▶ _Exercise aim_
Respond with nothing but the number of lines in this data that include the word "assumes".

▶ _Provided material_
- - -

lemma pad_vec_diff_first_nonzero:
  fixes x y :: "'a::ab_group_add list list"
  assumes x: "x \<in> lists {v. length v = s}" and y: "y \<in> lists {v. length v = s}"
    and "length y = length x" and "(r + s) * length x \<le> N"
    and "t < length x" and "x ! t \<noteq> y ! t" and agree: "\<forall>b<t. x ! b = y ! b"
  obtains a where "(pad_vec N s r x - pad_vec N s r y) $ a \<noteq> 0"
    "\<forall>j<a. (pad_vec N s r x - pad_vec N s r y) $ j = 0" "(r + s) * t \<le> a" "a < (r + s) * t + s"
proof -
  define w where "w = r + s"
  define v where "v = pad_vec N s r x - pad_vec N s r y"
  have "w * Suc t \<le> w * length x" using \<open>t < length x\<close> by (intro mult_le_mono2) simp
  have "length (x ! t) = s" "length (y ! t) = s"
    using x y \<open>t < length x\<close> \<open>length y = length x\<close> by auto
  then obtain e where "e < s" "x ! t ! e \<noteq> y ! t ! e"
    using \<open>x ! t \<noteq> y ! t\<close> nth_equalityI[of "x ! t" "y ! t"] by auto
  then have "v $ (w * t + e) \<noteq> 0"
    using \<open>w * Suc t \<le> w * length x\<close> assms(3,4)
    by (simp add: v_def pad_vec_diff_nth w_def)
  then obtain a where a: "v $ a \<noteq> 0" "\<forall>j<a. v $ j = 0"
    using exists_least_iff[of "\<lambda>j. v $ j \<noteq> 0"] by blast
  have "\<not> w * t + e < a" using a(2) \<open>v $ (w * t + e) \<noteq> 0\<close> by blast
  then have "a < w * t + s" using \<open>e < s\<close> by linarith
  have "v $ j = 0" if "j < w * t" for j
  proof -
    have "j div w < t" using that less_mult_imp_div_less[of j t w] by (simp add: mult.commute)
    moreover have "j < N" using that \<open>w * Suc t \<le> w * length x\<close> assms(4) by (simp add: w_def)
    ultimately show ?thesis using agree assms(3) by (simp add: v_def pad_vec_diff_nth w_def)
  qed
  then have "w * t \<le> a" using a(1) not_less by blast
  with a \<open>a < w * t + s\<close> show thesis by (intro that) (simp_all add: v_def w_def)
qed

lemma TC_A_nth_neq:
  assumes A: "A \<in> carrier_mat N N"
    and x: "x \<in> lists {v. length v = s}" and y: "y \<in> lists {v. length v = s}"
    and "length y = length x" and "(r + s) * length x \<le> N" and "b < length x" and "e < r + s"
    and "(A *\<^sub>v (pad_vec N s r x - pad_vec N s r y)) $ ((r + s) * b + e) \<noteq> 0"
  shows "TC_A A s r x ! b \<noteq> TC_A A s r y ! b"
proof -
  have "(r + s) * b + e < (r + s) * Suc b" using \<open>e < r + s\<close> by simp
  also have "\<dots> \<le> N" using \<open>b < length x\<close> assms(5) mult_le_mono2[of "Suc b" "length x" "r + s"] by simp
  finally have "TC_A A s r x ! b ! e \<noteq> TC_A A s r y ! b ! e"
    using assms TC_A_nth_nth[OF A x] TC_A_nth_nth[OF A y]
    by (simp add: mult_minus_distrib_mat_vec pad_vec_def)
  then show ?thesis by auto
qed
(* Let $f : \widehat{\mathbb{Z}} \to \widehat{\mathbb{Z}}$ be a congruence stable map. Then $f$ is profinite preperiodic.
   Context: $\mathbb{N} = \{1,2,\dots\}$, $\widehat{\mathbb{Z}} = \varprojlim_n \mathbb{Z}/n\mathbb{Z}$ (a complete metric space with its profinite topology); $s \equiv_n t$ means $s-t \in n\widehat{\mathbb{Z}}$; $\widehat{\cdot}:\mathbb{N}\to\widehat{\mathbb{Z}}$ is the natural embedding. For a continuous map $f:\widehat{\mathbb{Z}}\to\widehat{\mathbb{Z}}$, a map $P:\mathbb{N}\to\mathbb{N}$ is a period map of $f$ if $s \equiv_{P(n)} t$ implies $f(s) \equiv_n f(t)$ for all $s,t \in \widehat{\mathbb{Z}}$, $n \in \mathbb{N}$. A continuous $f$ is congruence stable if there exists a period map $P$ of $f$ such that for each $n \in \mathbb{N}$, $P^k(n) = P^{k+1}(n)$ for all sufficiently large $k$. A continuous map $f$ is profinite preperiodic if for every $x \in \widehat{\mathbb{Z}}$ the following holds: for every $s \in \widehat{\mathbb{Z}}$ and every sequence of positive integers $(n_i)$ with $n_i \to +\infty$ in $\mathbb{R}$ and $\widehat{n_i} \to s$ in $\widehat{\mathbb{Z}}$, the limit $\lim_{i\to\infty} f^{n_i}(x)$ exists in $\widehat{\mathbb{Z}}$ and depends only on $s$. (Equivalently, each map $n \mapsto f^n(x)$ extends continuously to the profinite completion $\widehat{\mathbb{N}} = \mathbb{N} \sqcup \widehat{\mathbb{Z}}$ of $(\mathbb{N},+)$.) *)

theory Defs
  imports "HOL-Analysis.Analysis"
begin

text \<open>An element of the profinite completion of the integers is represented by its
compatible family of residues: x n is the residue (in 0..n-1) of x modulo n, for every
positive n; the entry at 0 is normalised to 0.\<close>

typedef zhat = "{x :: nat \<Rightarrow> int. x 0 = 0 \<and> (\<forall>n>0. 0 \<le> x n \<and> x n < int n) \<and>
                 (\<forall>m n. 0 < m \<longrightarrow> n dvd m \<longrightarrow> x m mod int n = x n)}"
  by (rule exI[of _ "\<lambda>_. 0"]) auto

text \<open>The congruence s \<equiv>_n t, i.e. s - t \<in> n Zhat, i.e. s and t have the same image
in Zhat / n Zhat = Z / n Z.\<close>
definition zcong :: "nat \<Rightarrow> zhat \<Rightarrow> zhat \<Rightarrow> bool" where
  "zcong n s t \<longleftrightarrow> Rep_zhat s n = Rep_zhat t n"

definition zhat_of_nat :: "nat \<Rightarrow> zhat" where
  "zhat_of_nat k = Abs_zhat (\<lambda>n. if n = 0 then 0 else int k mod int n)"

lemma zcong_mult_left:
  assumes "0 < a" "0 < b" "zcong (a * b) s t"
  shows "zcong a s t"
proof -
  have P: "\<And>m n. 0 < m \<Longrightarrow> n dvd m \<Longrightarrow> Rep_zhat u m mod int n = Rep_zhat u n" for u
    using Rep_zhat[of u] by auto
  have "Rep_zhat s a = Rep_zhat s (a*b) mod int a" using P[of "a*b" a s] assms by simp
  also have "\<dots> = Rep_zhat t (a*b) mod int a" using assms unfolding zcong_def by simp
  also have "\<dots> = Rep_zhat t a" using P[of "a*b" a t] assms by simp
  finally show ?thesis unfolding zcong_def .
qed

instantiation zhat :: topological_space
begin

definition open_zhat :: "zhat set \<Rightarrow> bool" where
  "open_zhat U \<longleftrightarrow> (\<forall>x\<in>U. \<exists>m>0. \<forall>y. zcong m x y \<longrightarrow> y \<in> U)"

instance
proof
  show "open (UNIV :: zhat set)" unfolding open_zhat_def
    by (intro ballI exI[of _ "1::nat"]) simp
next
  fix S T :: "zhat set"
  assume S: "open S" and T: "open T"
  show "open (S \<inter> T)" unfolding open_zhat_def
  proof
    fix x assume "x \<in> S \<inter> T"
    then obtain a b where a: "a > 0" "\<forall>y. zcong a x y \<longrightarrow> y \<in> S"
      and b: "b > 0" "\<forall>y. zcong b x y \<longrightarrow> y \<in> T"
      using S T unfolding open_zhat_def by blast
    have "\<forall>y. zcong (a*b) x y \<longrightarrow> y \<in> S \<inter> T"
    proof (intro allI impI)
      fix y assume c: "zcong (a*b) x y"
      have "zcong a x y" using zcong_mult_left[OF a(1) b(1) c] .
      moreover have "zcong b x y"
        using zcong_mult_left[OF b(1) a(1), of x y] c by (simp add: mult.commute)
      ultimately show "y \<in> S \<inter> T" using a(2) b(2) by blast
    qed
    moreover have "a * b > 0" using a(1) b(1) by simp
    ultimately show "\<exists>m>0. \<forall>y. zcong m x y \<longrightarrow> y \<in> S \<inter> T" by blast
  qed
next
  fix K :: "zhat set set"
  assume "\<forall>S\<in>K. open S"
  then show "open (\<Union>K)" unfolding open_zhat_def
    by (meson UnionE UnionI)
qed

- - -

▶ _Result for this exercise_
3